■ Exercise objective
From the line containing "q (mono v))" to the end of the records below, output each line exactly; include both ends and nothing else.

■ Available records
▼▼▼

theorem corollary5p2:
  fixes q :: "nat \<Rightarrow> nat \<Rightarrow> 'a::field_char_0" and n :: nat and u v :: "nat list"
  assumes "alg_closed_field TYPE('a)"
    and "\<forall>i<n. \<forall>j<n. q i j \<noteq> 0"
    and "u \<noteq> []" and "v \<noteq> []"
    and "set u \<subseteq> {..<n}" and "set v \<subseteq> {..<n}"
    and "set u \<inter> set v = {}"
    and "\<forall>i\<in>set u. \<forall>j\<in>set v. q i j * q j i = 1"
  shows "((\<not> nichols_zero q (mono u) \<and> \<not> nichols_zero q (mono v))
            \<longleftrightarrow> \<not> nichols_zero q (mono (u @ v)))
       \<and> (\<not> nichols_zero q (mono (u @ v)) \<longleftrightarrow> \<not> in_LV n q (mono (u @ v)))"
  using not_nichols_zero_mono_append_iff[OF assms(7)] in_LV_mono_append_iff[OF assms(7,8,3,4)]
  by blast

end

▲▲▲

■ Response
  shows "((\<not> nichols_zero q (mono u) \<and> \<not> nichols_zero q (mono v))
            \<longleftrightarrow> \<not> nichols_zero q (mono (u @ v)))
       \<and> (\<not> nichols_zero q (mono (u @ v)) \<longleftrightarrow> \<not> in_LV n q (mono (u @ v)))"
  using not_nichols_zero_mono_append_iff[OF assms(7)] in_LV_mono_append_iff[OF assms(7,8,3,4)]
  by blast

end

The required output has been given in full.